-- HOW TO COMPLETE THIS TASK --
All lines in the data below carrying the string "symmetric" are to be located and copied.

═════ DATA EXTRACT

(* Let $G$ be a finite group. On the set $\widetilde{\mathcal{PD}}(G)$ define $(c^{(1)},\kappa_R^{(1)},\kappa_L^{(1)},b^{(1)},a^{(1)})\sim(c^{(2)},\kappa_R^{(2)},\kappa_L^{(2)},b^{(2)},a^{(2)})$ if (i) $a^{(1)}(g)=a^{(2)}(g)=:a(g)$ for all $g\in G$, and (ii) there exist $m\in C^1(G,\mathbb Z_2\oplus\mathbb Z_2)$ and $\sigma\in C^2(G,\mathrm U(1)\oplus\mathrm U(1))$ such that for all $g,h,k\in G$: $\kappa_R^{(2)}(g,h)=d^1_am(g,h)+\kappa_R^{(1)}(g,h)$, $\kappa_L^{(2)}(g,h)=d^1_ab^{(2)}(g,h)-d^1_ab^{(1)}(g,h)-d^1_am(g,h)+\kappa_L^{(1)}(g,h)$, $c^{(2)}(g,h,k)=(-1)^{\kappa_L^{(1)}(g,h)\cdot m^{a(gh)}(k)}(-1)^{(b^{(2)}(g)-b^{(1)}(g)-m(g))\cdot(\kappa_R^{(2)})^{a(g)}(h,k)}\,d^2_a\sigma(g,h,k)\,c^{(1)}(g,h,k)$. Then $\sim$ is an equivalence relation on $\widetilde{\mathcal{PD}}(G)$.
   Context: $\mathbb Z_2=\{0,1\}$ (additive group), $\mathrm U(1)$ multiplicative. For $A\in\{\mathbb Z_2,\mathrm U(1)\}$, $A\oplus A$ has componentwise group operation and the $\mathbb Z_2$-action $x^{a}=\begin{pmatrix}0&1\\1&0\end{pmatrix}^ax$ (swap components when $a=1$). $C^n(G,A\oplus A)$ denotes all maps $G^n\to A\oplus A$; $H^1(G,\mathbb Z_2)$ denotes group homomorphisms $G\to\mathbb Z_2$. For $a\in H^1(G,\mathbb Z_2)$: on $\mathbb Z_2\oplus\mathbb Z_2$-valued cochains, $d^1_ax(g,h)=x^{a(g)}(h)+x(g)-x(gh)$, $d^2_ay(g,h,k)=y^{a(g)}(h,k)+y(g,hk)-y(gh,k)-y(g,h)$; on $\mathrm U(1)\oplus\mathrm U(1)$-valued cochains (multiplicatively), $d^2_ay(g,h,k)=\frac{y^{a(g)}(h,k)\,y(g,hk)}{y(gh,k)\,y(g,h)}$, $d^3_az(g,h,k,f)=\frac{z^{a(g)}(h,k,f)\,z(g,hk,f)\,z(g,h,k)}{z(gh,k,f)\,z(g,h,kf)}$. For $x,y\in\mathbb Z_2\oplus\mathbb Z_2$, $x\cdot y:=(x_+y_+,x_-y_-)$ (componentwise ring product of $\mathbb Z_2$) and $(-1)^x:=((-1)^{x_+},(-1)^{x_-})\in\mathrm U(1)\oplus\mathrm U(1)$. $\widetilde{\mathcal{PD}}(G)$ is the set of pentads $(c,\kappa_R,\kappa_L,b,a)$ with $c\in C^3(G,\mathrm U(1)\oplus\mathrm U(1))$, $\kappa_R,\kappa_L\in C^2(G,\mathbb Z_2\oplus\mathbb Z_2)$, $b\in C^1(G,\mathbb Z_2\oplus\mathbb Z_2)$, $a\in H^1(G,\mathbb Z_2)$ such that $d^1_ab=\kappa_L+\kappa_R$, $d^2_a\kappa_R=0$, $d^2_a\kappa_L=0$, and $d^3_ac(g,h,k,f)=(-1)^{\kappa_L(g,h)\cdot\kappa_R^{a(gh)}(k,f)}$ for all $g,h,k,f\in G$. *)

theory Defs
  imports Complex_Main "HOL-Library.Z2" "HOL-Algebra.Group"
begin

══════════
═════ DATA EXTRACT

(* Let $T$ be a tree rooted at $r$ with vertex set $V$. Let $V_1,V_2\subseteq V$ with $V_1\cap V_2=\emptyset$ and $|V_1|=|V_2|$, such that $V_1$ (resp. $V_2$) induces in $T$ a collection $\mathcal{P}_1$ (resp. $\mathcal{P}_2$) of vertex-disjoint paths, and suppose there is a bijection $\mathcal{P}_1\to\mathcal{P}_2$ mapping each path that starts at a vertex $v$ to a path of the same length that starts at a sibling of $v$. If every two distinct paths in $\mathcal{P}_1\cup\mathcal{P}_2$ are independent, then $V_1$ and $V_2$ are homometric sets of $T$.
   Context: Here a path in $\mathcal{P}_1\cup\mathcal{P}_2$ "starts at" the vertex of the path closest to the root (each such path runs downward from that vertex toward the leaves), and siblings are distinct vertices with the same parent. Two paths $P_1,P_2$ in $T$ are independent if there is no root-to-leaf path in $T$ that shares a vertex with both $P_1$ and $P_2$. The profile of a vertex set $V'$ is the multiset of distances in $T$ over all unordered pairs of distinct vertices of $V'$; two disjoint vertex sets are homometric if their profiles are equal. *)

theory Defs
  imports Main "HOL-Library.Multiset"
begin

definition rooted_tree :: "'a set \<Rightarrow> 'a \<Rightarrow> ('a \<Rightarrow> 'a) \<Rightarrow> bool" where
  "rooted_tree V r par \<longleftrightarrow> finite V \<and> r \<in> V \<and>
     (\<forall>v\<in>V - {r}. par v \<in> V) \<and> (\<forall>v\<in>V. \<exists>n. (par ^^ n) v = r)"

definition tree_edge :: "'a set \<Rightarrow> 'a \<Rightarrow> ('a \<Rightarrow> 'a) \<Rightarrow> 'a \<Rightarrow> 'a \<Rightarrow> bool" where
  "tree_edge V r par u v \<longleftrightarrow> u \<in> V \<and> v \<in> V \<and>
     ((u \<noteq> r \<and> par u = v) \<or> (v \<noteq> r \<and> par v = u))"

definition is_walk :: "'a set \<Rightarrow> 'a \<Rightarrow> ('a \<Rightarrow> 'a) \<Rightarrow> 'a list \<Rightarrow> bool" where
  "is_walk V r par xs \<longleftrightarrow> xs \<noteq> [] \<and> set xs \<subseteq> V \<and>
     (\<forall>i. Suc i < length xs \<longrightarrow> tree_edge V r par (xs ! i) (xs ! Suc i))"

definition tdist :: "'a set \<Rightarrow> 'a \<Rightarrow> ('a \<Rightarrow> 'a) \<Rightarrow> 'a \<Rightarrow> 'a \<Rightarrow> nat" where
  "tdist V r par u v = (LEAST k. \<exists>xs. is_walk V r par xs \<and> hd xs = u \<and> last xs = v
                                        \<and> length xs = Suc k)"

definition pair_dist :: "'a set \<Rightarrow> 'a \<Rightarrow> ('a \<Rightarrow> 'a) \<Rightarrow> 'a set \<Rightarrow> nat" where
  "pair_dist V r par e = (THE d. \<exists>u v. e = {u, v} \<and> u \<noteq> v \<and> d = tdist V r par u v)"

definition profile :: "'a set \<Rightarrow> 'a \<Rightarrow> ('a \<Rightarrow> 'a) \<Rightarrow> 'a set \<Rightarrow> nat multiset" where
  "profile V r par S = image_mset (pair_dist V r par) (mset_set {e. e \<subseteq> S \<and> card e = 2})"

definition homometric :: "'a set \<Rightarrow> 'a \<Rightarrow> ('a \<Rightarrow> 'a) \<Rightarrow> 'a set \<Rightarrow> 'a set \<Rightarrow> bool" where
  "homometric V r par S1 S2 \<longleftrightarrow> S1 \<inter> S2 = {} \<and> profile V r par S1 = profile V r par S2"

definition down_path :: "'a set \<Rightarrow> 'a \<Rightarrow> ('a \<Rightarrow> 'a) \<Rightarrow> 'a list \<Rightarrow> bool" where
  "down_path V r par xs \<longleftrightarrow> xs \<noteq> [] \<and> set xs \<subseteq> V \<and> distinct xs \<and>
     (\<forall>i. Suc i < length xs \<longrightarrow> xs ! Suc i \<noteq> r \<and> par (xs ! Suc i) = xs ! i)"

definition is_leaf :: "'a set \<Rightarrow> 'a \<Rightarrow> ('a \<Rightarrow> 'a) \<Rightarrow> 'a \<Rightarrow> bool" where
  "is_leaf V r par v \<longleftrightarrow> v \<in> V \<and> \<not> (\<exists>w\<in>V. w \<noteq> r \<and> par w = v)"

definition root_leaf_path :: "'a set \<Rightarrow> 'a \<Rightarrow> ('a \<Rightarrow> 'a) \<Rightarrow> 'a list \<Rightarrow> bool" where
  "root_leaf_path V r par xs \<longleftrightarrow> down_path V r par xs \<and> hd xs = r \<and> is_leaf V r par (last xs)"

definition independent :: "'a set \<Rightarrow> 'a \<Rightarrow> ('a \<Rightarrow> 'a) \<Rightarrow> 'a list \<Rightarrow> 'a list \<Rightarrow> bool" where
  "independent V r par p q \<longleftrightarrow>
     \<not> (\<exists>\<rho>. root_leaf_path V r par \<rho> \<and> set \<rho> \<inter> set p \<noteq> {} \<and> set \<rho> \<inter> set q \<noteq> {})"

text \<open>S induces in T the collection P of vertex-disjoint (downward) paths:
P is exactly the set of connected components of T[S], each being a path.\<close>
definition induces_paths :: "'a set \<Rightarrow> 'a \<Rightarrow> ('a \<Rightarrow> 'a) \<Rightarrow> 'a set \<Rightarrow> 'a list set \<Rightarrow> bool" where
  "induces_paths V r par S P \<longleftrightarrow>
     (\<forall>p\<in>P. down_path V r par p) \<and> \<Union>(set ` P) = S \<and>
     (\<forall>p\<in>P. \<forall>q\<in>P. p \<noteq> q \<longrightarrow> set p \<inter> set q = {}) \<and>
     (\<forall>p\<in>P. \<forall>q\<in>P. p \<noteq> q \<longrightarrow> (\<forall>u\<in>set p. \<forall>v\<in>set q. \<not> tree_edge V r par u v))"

══════════
═════ DATA EXTRACT

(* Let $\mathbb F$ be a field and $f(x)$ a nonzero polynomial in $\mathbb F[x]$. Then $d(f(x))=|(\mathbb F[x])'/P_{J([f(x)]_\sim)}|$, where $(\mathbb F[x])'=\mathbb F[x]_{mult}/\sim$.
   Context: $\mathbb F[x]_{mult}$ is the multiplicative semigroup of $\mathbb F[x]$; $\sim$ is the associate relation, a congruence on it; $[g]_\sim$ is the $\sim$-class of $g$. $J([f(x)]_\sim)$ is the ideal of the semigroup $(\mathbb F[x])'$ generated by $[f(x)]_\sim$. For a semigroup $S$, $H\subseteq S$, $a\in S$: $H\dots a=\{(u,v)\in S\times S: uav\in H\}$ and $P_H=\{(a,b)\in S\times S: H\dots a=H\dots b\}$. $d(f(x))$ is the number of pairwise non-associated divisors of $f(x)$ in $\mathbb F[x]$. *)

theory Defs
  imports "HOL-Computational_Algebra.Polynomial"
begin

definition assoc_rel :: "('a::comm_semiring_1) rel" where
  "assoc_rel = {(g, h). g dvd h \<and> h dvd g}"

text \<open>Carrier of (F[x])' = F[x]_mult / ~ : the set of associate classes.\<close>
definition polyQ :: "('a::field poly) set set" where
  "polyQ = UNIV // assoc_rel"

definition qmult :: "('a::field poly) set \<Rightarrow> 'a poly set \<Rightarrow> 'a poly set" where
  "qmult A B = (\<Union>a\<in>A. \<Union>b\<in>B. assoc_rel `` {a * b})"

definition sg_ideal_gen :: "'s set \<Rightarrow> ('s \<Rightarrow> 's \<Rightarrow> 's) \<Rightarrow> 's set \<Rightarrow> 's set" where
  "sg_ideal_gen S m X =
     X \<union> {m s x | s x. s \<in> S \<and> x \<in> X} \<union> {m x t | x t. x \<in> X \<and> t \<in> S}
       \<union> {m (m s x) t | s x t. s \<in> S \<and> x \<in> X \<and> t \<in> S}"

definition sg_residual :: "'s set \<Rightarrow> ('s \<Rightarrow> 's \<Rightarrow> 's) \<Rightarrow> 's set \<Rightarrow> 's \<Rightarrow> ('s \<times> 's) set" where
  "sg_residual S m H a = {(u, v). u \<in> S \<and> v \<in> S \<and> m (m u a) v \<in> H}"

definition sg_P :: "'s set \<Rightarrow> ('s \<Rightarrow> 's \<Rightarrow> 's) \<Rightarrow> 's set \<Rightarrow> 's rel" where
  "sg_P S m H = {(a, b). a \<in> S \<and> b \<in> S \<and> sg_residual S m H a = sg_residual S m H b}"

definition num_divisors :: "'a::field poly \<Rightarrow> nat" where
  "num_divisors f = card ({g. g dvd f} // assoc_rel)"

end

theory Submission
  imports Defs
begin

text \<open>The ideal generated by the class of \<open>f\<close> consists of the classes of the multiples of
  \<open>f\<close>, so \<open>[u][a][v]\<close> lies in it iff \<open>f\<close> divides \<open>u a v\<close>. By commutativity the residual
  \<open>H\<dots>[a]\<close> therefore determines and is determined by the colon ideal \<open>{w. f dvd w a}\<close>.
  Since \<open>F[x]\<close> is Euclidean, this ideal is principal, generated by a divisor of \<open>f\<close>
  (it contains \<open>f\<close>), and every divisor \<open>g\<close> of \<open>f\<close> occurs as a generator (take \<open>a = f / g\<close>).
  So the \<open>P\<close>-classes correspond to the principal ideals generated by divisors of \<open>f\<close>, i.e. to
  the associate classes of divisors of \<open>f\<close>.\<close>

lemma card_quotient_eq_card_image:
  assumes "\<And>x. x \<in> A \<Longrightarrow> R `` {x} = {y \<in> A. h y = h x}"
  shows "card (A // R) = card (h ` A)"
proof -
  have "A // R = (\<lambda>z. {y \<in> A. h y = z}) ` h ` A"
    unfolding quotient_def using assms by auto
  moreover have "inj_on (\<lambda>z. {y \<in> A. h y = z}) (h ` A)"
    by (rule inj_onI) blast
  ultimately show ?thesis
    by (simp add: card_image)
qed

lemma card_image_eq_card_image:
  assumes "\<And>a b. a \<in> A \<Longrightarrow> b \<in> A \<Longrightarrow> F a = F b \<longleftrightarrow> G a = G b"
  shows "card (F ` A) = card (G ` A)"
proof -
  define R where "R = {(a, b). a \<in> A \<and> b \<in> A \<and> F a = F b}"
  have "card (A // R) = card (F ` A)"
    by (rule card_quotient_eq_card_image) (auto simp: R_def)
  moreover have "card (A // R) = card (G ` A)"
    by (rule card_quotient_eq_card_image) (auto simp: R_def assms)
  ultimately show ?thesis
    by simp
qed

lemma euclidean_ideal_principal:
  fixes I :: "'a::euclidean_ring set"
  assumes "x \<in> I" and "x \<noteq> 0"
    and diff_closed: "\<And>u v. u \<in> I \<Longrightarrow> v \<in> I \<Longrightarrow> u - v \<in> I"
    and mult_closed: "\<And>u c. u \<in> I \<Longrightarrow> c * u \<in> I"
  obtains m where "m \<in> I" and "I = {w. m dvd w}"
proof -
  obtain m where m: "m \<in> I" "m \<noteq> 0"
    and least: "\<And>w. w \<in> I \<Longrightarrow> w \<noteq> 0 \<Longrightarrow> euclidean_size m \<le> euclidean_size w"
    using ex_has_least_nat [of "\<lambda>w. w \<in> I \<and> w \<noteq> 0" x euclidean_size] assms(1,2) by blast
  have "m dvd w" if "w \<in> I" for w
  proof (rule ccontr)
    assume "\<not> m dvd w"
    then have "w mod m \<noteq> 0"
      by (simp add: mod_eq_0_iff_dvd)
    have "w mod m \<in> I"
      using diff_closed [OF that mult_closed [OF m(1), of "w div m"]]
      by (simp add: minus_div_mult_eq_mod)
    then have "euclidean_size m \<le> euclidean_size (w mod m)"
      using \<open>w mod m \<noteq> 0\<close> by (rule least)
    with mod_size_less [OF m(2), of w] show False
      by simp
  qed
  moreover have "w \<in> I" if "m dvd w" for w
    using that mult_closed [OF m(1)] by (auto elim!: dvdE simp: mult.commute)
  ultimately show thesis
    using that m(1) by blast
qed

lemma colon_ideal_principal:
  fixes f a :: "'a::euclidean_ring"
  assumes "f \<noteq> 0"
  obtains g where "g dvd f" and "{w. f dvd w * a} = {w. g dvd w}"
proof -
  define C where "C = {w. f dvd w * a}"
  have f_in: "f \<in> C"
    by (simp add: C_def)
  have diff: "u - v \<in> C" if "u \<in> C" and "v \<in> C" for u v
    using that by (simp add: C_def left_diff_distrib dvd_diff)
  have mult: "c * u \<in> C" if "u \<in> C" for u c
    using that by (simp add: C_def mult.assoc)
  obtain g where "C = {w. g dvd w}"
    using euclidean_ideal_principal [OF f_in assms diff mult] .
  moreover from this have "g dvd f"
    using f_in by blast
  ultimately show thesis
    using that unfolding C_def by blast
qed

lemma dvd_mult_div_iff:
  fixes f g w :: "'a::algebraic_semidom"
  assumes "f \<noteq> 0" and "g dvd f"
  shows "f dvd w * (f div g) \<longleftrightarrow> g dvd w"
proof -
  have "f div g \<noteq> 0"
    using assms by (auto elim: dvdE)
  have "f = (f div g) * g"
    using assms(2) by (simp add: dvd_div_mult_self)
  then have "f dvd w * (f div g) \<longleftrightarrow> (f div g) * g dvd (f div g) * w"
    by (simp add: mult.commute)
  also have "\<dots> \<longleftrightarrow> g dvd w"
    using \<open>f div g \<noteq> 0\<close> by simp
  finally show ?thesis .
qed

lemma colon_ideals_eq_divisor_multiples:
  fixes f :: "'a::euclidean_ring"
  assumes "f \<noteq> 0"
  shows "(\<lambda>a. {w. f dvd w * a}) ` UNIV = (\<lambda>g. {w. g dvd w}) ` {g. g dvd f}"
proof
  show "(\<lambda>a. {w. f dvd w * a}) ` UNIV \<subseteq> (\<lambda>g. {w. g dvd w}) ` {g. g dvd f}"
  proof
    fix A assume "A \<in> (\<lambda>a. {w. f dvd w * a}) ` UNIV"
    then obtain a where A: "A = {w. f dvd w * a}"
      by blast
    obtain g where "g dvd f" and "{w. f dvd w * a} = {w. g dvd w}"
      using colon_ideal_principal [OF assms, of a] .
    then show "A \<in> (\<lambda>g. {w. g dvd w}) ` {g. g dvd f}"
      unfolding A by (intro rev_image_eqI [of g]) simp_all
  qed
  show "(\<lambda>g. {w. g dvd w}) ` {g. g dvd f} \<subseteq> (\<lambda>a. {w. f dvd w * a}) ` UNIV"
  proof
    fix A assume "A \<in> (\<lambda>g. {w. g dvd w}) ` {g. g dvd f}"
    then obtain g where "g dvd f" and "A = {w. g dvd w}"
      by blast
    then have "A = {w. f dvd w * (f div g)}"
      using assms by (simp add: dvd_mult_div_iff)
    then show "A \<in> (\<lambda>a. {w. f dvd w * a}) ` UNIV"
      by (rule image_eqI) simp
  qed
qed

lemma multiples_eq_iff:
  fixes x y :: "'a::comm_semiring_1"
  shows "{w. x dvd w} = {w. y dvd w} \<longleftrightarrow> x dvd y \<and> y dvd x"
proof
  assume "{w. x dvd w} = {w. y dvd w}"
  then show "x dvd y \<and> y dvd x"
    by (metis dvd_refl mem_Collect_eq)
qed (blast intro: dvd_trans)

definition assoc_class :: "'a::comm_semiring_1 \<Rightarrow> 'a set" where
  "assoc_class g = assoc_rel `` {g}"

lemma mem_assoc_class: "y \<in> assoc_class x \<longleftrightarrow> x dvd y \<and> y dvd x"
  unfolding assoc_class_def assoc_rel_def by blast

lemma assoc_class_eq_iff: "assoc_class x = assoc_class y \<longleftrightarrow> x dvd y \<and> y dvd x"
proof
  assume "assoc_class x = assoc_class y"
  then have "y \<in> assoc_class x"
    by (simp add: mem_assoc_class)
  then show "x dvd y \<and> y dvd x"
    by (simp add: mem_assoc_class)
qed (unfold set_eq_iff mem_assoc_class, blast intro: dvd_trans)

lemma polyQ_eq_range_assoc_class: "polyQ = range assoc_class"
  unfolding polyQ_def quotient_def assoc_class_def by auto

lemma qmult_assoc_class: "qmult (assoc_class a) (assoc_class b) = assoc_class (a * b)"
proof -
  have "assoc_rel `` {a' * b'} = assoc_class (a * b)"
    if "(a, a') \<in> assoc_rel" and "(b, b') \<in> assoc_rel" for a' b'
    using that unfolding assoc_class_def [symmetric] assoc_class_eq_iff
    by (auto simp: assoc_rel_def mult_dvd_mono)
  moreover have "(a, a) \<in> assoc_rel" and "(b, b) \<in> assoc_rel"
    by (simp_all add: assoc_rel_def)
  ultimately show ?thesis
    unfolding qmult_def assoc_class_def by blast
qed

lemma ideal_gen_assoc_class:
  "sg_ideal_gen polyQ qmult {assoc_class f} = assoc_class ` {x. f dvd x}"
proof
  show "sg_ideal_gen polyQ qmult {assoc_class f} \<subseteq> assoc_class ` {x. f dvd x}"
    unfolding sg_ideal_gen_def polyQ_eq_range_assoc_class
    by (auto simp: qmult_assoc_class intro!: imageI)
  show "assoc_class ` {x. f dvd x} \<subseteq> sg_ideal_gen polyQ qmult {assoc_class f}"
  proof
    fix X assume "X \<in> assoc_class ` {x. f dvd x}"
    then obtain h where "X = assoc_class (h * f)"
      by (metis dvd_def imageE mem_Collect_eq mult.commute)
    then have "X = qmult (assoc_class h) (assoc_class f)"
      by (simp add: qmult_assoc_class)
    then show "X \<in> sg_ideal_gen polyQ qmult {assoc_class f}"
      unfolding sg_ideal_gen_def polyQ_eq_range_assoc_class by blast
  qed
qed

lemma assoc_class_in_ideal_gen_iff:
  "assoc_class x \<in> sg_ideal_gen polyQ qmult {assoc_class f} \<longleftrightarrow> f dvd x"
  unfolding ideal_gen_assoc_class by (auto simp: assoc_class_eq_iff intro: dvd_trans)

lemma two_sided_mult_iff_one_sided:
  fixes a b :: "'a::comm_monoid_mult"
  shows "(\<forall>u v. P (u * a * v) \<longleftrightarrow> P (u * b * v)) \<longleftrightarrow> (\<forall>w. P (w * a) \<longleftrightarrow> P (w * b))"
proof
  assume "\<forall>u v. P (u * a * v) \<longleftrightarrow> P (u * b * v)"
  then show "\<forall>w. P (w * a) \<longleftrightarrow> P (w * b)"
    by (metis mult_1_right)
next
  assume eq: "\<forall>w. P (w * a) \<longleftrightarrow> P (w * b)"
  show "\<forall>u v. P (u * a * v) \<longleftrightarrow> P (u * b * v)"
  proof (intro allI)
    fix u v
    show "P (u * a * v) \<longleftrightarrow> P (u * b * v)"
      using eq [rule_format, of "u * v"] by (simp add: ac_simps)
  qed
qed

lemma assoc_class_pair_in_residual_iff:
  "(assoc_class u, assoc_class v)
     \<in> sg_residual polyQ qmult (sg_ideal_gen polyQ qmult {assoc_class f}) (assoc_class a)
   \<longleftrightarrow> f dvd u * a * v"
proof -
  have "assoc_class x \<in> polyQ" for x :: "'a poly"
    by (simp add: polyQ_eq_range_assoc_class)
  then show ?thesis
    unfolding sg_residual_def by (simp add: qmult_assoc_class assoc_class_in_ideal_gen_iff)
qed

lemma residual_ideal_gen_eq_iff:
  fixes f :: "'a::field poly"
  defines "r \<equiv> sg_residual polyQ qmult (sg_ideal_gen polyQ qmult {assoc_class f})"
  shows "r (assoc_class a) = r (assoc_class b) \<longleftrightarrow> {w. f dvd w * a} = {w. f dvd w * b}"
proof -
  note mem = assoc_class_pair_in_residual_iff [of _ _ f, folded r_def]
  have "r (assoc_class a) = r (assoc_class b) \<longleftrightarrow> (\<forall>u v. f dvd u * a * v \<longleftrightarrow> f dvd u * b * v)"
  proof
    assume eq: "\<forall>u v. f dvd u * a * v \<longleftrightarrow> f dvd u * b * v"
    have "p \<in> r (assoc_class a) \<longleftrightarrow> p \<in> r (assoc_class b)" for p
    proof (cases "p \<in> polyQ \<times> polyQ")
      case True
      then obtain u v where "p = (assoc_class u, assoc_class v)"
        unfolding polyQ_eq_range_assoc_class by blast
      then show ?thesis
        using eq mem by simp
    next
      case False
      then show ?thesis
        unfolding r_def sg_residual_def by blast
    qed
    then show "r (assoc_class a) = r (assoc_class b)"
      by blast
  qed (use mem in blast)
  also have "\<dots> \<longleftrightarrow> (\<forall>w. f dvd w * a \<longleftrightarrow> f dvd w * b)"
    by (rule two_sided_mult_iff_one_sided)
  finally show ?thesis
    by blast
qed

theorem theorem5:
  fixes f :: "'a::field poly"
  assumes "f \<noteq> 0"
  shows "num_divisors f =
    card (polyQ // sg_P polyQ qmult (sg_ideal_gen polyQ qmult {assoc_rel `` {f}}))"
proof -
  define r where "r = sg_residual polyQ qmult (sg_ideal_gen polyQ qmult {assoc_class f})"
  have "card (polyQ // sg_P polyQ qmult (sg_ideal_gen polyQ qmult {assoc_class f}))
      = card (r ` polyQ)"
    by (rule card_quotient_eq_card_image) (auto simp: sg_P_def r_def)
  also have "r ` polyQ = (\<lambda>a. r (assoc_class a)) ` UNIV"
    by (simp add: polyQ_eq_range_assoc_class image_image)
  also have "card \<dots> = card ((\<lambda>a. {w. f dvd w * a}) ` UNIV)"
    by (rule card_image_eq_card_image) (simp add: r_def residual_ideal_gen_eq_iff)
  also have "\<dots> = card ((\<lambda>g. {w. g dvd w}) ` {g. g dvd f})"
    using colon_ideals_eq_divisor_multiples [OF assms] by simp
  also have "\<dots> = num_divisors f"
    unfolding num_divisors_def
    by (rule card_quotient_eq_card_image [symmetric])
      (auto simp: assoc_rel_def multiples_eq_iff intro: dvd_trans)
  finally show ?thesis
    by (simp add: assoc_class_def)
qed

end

══════════

-- PROBLEM SOLUTION --
    using that unfolding assoc_class_def [symmetric] assoc_class_eq_iff
    by (rule card_quotient_eq_card_image [symmetric])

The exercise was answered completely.